**YOUR OBJECTIVE**
Return every line from the one with "R \<Longrightarrow> 0" through the one with "I \<Longrightarrow> 0", inclusive, exactly as it appears below.

**DATA EXTRACTS**
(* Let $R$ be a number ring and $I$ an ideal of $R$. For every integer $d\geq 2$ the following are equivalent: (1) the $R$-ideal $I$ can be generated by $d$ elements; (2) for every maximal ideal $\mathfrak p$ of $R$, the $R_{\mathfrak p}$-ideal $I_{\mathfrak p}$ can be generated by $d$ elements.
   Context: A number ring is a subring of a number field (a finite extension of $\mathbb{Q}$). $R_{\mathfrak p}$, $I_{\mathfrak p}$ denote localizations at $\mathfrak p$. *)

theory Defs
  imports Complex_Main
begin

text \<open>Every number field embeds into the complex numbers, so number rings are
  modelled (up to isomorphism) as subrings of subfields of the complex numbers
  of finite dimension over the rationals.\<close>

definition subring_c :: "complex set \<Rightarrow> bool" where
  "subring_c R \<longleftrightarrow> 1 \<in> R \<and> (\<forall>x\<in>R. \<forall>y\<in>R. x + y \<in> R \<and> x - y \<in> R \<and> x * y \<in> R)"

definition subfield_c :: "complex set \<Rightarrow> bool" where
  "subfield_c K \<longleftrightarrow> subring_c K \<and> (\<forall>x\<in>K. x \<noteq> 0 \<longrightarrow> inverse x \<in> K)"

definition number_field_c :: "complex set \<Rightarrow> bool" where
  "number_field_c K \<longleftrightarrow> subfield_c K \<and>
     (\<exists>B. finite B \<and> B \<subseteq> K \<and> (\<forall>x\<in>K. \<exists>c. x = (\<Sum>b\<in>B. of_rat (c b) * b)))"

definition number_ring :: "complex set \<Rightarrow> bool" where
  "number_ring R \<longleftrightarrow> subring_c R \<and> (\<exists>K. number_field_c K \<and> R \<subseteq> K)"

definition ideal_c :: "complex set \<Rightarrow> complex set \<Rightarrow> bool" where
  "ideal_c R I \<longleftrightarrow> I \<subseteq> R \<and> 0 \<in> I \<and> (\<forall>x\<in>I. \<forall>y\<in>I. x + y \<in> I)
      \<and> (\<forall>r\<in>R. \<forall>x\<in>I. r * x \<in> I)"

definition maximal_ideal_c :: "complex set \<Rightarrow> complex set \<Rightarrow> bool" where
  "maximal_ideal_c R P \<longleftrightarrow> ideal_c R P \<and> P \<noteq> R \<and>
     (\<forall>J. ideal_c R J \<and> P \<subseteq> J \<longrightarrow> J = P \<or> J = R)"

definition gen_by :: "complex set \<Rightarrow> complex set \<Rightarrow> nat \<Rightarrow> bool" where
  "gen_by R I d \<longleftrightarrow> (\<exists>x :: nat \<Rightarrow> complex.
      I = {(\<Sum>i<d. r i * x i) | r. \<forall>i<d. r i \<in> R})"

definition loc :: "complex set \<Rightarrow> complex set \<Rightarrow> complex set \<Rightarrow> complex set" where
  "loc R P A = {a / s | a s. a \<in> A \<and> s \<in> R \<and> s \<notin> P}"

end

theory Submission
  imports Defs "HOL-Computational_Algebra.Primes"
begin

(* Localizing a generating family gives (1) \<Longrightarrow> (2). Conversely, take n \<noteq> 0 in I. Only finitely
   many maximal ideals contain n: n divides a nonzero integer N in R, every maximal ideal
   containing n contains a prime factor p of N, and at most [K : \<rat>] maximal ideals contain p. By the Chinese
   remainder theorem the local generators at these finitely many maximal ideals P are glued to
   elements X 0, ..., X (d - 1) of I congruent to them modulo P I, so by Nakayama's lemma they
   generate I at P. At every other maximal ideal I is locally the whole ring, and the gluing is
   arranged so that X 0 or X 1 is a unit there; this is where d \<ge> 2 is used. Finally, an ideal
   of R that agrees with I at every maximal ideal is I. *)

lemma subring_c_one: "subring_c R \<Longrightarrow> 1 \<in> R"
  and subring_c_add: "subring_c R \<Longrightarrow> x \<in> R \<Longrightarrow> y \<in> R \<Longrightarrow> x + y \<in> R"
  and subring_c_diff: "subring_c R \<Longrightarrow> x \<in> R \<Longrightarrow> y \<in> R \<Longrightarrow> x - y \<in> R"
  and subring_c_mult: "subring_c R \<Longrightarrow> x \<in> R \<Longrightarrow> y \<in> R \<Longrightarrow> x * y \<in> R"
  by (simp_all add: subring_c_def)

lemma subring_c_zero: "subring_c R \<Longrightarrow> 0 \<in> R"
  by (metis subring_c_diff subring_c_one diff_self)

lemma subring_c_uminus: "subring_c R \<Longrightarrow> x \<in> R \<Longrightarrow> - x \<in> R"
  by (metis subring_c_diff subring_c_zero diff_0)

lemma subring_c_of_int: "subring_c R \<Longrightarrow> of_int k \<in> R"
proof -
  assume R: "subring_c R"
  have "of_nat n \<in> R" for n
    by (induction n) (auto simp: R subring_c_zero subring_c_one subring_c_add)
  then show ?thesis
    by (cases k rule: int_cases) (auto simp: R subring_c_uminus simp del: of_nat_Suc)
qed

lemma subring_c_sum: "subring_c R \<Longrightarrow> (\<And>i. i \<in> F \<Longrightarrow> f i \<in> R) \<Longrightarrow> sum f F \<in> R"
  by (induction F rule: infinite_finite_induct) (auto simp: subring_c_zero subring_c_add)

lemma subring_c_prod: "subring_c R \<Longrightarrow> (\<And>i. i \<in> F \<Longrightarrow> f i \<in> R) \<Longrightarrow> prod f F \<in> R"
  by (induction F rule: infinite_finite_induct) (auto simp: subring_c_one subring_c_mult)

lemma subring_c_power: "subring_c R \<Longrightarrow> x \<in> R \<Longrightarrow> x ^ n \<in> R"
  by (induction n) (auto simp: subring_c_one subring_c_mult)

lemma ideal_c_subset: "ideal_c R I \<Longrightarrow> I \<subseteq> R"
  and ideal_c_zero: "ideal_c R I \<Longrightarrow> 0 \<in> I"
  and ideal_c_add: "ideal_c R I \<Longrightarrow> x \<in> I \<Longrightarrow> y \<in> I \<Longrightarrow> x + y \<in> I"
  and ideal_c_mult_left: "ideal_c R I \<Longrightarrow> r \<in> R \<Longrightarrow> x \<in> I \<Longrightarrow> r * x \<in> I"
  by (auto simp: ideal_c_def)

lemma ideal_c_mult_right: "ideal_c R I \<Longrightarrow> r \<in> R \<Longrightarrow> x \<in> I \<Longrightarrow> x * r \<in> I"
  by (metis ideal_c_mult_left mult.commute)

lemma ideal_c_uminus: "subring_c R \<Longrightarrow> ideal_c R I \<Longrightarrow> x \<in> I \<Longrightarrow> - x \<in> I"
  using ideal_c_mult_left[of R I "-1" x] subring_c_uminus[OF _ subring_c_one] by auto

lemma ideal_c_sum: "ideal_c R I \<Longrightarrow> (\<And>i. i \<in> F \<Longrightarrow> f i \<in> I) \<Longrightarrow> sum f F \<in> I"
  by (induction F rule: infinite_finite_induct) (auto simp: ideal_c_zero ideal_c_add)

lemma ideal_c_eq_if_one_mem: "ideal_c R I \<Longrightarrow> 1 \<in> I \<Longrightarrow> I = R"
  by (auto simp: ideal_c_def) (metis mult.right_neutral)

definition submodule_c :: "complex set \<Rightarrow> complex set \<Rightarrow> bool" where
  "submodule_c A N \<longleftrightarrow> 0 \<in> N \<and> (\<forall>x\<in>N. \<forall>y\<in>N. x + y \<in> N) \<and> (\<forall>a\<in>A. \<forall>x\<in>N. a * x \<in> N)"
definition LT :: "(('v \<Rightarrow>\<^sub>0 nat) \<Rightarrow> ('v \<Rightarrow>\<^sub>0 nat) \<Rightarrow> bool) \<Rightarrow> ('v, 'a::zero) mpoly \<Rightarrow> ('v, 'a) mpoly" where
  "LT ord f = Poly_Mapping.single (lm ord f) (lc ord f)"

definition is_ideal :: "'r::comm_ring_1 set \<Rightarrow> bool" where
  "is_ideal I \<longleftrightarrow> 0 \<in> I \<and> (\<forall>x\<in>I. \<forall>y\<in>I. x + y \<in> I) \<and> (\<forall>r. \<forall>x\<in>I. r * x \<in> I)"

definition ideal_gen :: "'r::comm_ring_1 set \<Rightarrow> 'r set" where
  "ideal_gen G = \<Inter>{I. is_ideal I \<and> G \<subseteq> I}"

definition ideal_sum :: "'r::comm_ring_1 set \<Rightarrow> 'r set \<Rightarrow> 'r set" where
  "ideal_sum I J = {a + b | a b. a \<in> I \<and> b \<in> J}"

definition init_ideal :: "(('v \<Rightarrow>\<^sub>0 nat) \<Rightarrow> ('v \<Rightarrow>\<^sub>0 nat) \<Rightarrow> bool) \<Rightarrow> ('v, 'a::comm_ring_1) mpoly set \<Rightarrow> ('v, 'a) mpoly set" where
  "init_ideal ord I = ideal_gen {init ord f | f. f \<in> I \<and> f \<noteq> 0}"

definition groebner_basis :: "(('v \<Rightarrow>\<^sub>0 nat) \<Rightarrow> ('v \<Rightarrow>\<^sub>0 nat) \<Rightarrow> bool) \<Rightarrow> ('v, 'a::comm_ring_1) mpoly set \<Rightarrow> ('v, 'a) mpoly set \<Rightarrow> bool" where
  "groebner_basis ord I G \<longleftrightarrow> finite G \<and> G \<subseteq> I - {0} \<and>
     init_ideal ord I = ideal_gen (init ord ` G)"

**WRITTEN RESPONSE**
lemma subring_c_zero: "subring_c R \<Longrightarrow> 0 \<in> R"
  by (metis subring_c_diff subring_c_one diff_self)

lemma subring_c_uminus: "subring_c R \<Longrightarrow> x \<in> R \<Longrightarrow> - x \<in> R"
  by (metis subring_c_diff subring_c_zero diff_0)

lemma subring_c_of_int: "subring_c R \<Longrightarrow> of_int k \<in> R"
proof -
  assume R: "subring_c R"
  have "of_nat n \<in> R" for n
    by (induction n) (auto simp: R subring_c_zero subring_c_one subring_c_add)
  then show ?thesis
    by (cases k rule: int_cases) (auto simp: R subring_c_uminus simp del: of_nat_Suc)
qed

lemma subring_c_sum: "subring_c R \<Longrightarrow> (\<And>i. i \<in> F \<Longrightarrow> f i \<in> R) \<Longrightarrow> sum f F \<in> R"
  by (induction F rule: infinite_finite_induct) (auto simp: subring_c_zero subring_c_add)

lemma subring_c_prod: "subring_c R \<Longrightarrow> (\<And>i. i \<in> F \<Longrightarrow> f i \<in> R) \<Longrightarrow> prod f F \<in> R"
  by (induction F rule: infinite_finite_induct) (auto simp: subring_c_one subring_c_mult)

lemma subring_c_power: "subring_c R \<Longrightarrow> x \<in> R \<Longrightarrow> x ^ n \<in> R"
  by (induction n) (auto simp: subring_c_one subring_c_mult)

lemma ideal_c_subset: "ideal_c R I \<Longrightarrow> I \<subseteq> R"
  and ideal_c_zero: "ideal_c R I \<Longrightarrow> 0 \<in> I"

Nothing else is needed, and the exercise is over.